American illustrator and children's book author

Virginia Lee Burton (August 30, 1909 – October 15, 1968), also known by her married name Virginia Demetrios, was an American illustrator and children's book author. She wrote and illustrated seven children's books, including Mike Mulligan and His Steam Shovel (1939) and The Little House (1943), which won the Caldecott Medal. She also illustrated six books by other authors.

Burton founded the textile collective Folly Cove Designers in Cape Ann, Massachusetts, which had numerous museum exhibitions. Some of its members' works are held today in the collections of Boston's Museum of Fine Arts, the Peabody Essex Museum in Salem, Massachusetts, the Cape Ann Museum, and New York City's Metropolitan Museum of Art.

==Biography==

===Early life and education===
Virginia Burton was born in Newton Centre, Massachusetts. As a child, she was called "Jinnee". Her mother was Lena Yates, a lyric poet and artist from England whose poetry was first published at age 20. Yates later published children's books under the name Lena Dalkeith. Later, she went by the name Jeanne D'Orge. Virginia Burton's father, Alfred Edgar Burton, married Lena Yates after he had been widowed with two sons. Yates was 30 years his junior. They were married in 1906, having met on a walking trip in France. Notably, Burton's father served as the first Dean of Student Affairs for the Massachusetts Institute of Technology (1902-1921).

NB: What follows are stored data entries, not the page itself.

(* Let $r_1<\dots<r_N$ be distinct points of $I$ and let $\mathcal Q_N=\{x\in\mathbb R^N:x_i\ge0,\ \sum_ix_i=1\}$. Let $\sigma:\mathcal P\to\mathrm{HS}(G,H^* )$ be Lipschitz, i.e. there is $K>0$ with $\|\sigma(\mu)-\sigma(\nu)\|_{\mathrm{HS}}\le K\|\mu-\nu\|_{H^*}$ for all $\mu,\nu\in\mathcal P$, and suppose there is a function $g:\mathcal P\times I\to G$ with $\sigma(\mu)(dr)=g(\mu,r)\mu(dr)$ for all $\mu\in\mathcal P$ (i.e. $\sigma(\mu)h$ is the signed measure $\langle g(\mu,r),h\rangle_G\mu(dr)$ for $h\in G$). For $x\in\mathcal Q_N$ define $\sigma_i(x)=g\big(\sum_jx_j\delta_{r_j},r_i\big)x_i\in G$, so that $\sigma\big(\sum_ix_i\delta_{r_i}\big)=\sum_i\sigma_i(x)\delta_{r_i}$. Then the functions $\sigma_i:\mathcal Q_N\to G$ are Lipschitz.
   Context: Let $a,b\ge0$ and $I=[-a,b]$. $H$ is the space of absolutely continuous $\varphi:I\to\mathbb R$ with $\|\varphi\|_H^2=\varphi(0)^2+\int_I\varphi'(r)^2dr<\infty$; $H^*$ is the completion of the finite signed Borel measures on $I$ under $\|\mu\|_{H^*}=\sup\{\int\varphi\,d\mu:\varphi\in H,\|\varphi\|_H=1\}$ (the dual of $H$); $\mathcal P\subset H^*$ is the set of Borel probability measures on $I$; $\delta_r$ is the Dirac mass at $r$. $G$ is a real separable Hilbert space and $\mathrm{HS}(G,H^* )$ the Hilbert–Schmidt operators $G\to H^*$ with norm $\|A\|_{\mathrm{HS}}^2=\sum_n\|Ae_n\|^2_{H^*}$ for an orthonormal basis $(e_n)$ of $G$. For $z_1,\dots,z_N\in G$, $\sum_iz_i\delta_{r_i}$ denotes the operator $h\mapsto\sum_i\langle z_i,h\rangle_G\delta_{r_i}$ in $\mathrm{HS}(G,H^* )$. *)

theory Defs
  imports "HOL-Probability.Probability"
begin

abbreviation Ival :: "real \<Rightarrow> real \<Rightarrow> real set" where
  "Ival a b \<equiv> {-a..b}"

text \<open>Unit sphere of H: absolutely continuous phi on I (written as
  phi r = phi 0 + integral from 0 to r of its a.e. derivative psi, psi in L2(I))
  with phi(0)^2 + int_I psi^2 = 1.\<close>
definition H_unit :: "real \<Rightarrow> real \<Rightarrow> (real \<Rightarrow> real) set" where
  "H_unit a b = {\<phi>. \<exists>\<psi>. set_borel_measurable lborel (Ival a b) \<psi>
      \<and> set_integrable lborel (Ival a b) (\<lambda>s. (\<psi> s)\<^sup>2)
      \<and> (\<forall>r\<in>Ival a b. \<phi> r = \<phi> 0 + (LBINT s=0..r. \<psi> s))
      \<and> (\<phi> 0)\<^sup>2 + (LINT s:Ival a b|lborel. (\<psi> s)\<^sup>2) = 1}"

definition dual_norm :: "real \<Rightarrow> real \<Rightarrow> ((real \<Rightarrow> real) \<Rightarrow> real) \<Rightarrow> real" where
  "dual_norm a b L = Sup {L \<phi> | \<phi>. \<phi> \<in> H_unit a b}"

definition prob_measures :: "real \<Rightarrow> real \<Rightarrow> real measure set" where
  "prob_measures a b = {M. prob_space M \<and> sets M = sets (restrict_space borel (Ival a b))}"

definition sigma_fun :: "(real measure \<Rightarrow> real \<Rightarrow> 'g::real_inner) \<Rightarrow> real measure \<Rightarrow> 'g
    \<Rightarrow> (real \<Rightarrow> real) \<Rightarrow> real" where
  "sigma_fun g M h = (\<lambda>\<phi>. LINT r|M. \<phi> r * (g M r \<bullet> h))"

definition HS_dist :: "real \<Rightarrow> real \<Rightarrow> 'g::real_inner set \<Rightarrow> (real measure \<Rightarrow> real \<Rightarrow> 'g)
    \<Rightarrow> real measure \<Rightarrow> real measure \<Rightarrow> real" where
  "HS_dist a b B g M N = sqrt (\<Sum>\<^sub>\<infinity>e\<in>B.
      (dual_norm a b (\<lambda>\<phi>. sigma_fun g M e \<phi> - sigma_fun g N e \<phi>))\<^sup>2)"

definition meas_dist :: "real \<Rightarrow> real \<Rightarrow> real measure \<Rightarrow> real measure \<Rightarrow> real" where
  "meas_dist a b M N = dual_norm a b (\<lambda>\<phi>. (LINT r|M. \<phi> r) - (LINT r|N. \<phi> r))"

definition dirac_comb :: "real \<Rightarrow> real \<Rightarrow> ('n::finite \<Rightarrow> real) \<Rightarrow> real^'n \<Rightarrow> real measure" where
  "dirac_comb a b r x = measure_of (Ival a b) (sets (restrict_space borel (Ival a b)))
      (\<lambda>A. \<Sum>j\<in>UNIV. ennreal (x $ j) * indicator A (r j))"

definition simplex_Q :: "(real^'n::finite) set" where
  "simplex_Q = {x. (\<forall>i. 0 \<le> x $ i) \<and> (\<Sum>i\<in>UNIV. x $ i) = 1}"

end

theory Submission
  imports Defs "HOL-Computational_Algebra.Polynomial"
begin

text \<open>Fix \<open>i\<close> and write \<open>\<mu>\<^sub>x = \<Sum>\<^sub>j x\<^sub>j \<delta>\<^bsub>r\<^sub>j\<^esub>\<close>. Take a unit vector \<open>\<phi>\<close> of \<open>H\<close> vanishing at every
  \<open>r\<^sub>j\<close> with \<open>j \<noteq> i\<close> but not at \<open>r\<^sub>i\<close> (a normalised polynomial). Evaluated at \<open>\<phi>\<close>, the
  functional \<open>(\<sigma>(\<mu>\<^sub>x) - \<sigma>(\<mu>\<^sub>y)) e\<close> equals \<open>\<langle>\<phi>(r\<^sub>i) (\<sigma>\<^sub>i(x) - \<sigma>\<^sub>i(y)), e\<rangle>\<close>, so by Parseval
  \<open>|\<phi>(r\<^sub>i)| \<parallel>\<sigma>\<^sub>i(x) - \<sigma>\<^sub>i(y)\<parallel>\<close> is bounded by the Hilbert--Schmidt distance of \<open>\<sigma>(\<mu>\<^sub>x)\<close> and
  \<open>\<sigma>(\<mu>\<^sub>y)\<close>, hence by \<open>K \<parallel>\<mu>\<^sub>x - \<mu>\<^sub>y\<parallel>\<^sub>H\<^sub>*\<close>. Finally the unit ball of \<open>H\<close> is uniformly bounded
  on \<open>I\<close> (by \<open>(a + b + 3) / 2\<close>), which bounds \<open>\<parallel>\<mu>\<^sub>x - \<mu>\<^sub>y\<parallel>\<^sub>H\<^sub>*\<close> by a multiple of
  \<open>\<Sum>\<^sub>j |x\<^sub>j - y\<^sub>j|\<close>.\<close>

lemma sigma_sets_restrict_borel:
  "sigma_sets (Ival a b) (sets (restrict_space borel (Ival a b))) = sets (restrict_space borel (Ival a b))"
  using sets.sigma_sets_eq[of "restrict_space borel (Ival a b)"] by (simp add: space_restrict_space)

Burton had an older sister, Christine, and younger brother, Alexander Ross Burton, in addition to their father's first two sons, Harold Hitz Burton and Felix Arnold Burton. She recounted their boisterous holiday celebrations, and singing, dancing and theatrical productions as children. Harold became an attorney, politician and Supreme Court Justice; and Arnold an architect.

When Burton was about 8 years old, her family moved to San Diego, California, as the New England winters were hard on her mother's health. Her father, close to his retirement in 1921 after 40 years at MIT, took a leave of absence. A year later the family settled 450 mi north in Carmel-by-the-Sea, then a small, artistic community. Burton and her sister took dance and art lessons, performing in local productions. Her parents divorced in 1925, and her father returned to Boston.

After attending local schools, Burton won a state scholarship to the California School of Fine Arts in San Francisco, where she studied both art and dance. Living in Alameda across the bay while attending art school, she used the long commute by train, ferry boat and cable car "to train myself in making quick sketches from life and from memory of my unaware fellow passengers."

===Return to East Coast===
In 1928, after a year at art school, Burton moved to Boston, Massachusetts, where her father was living. It was also closer to her sister, by then a dancer in New York City, who invited Virginia to join her. Their father broke his leg, and Burton stayed in Boston to help him. She found work as a "sketcher" for the Boston Evening Transcript (now defunct). For two-and-a-half years, she worked under its drama and music critic. Portraying actors and other performers, she signed her drawings as "VleeB".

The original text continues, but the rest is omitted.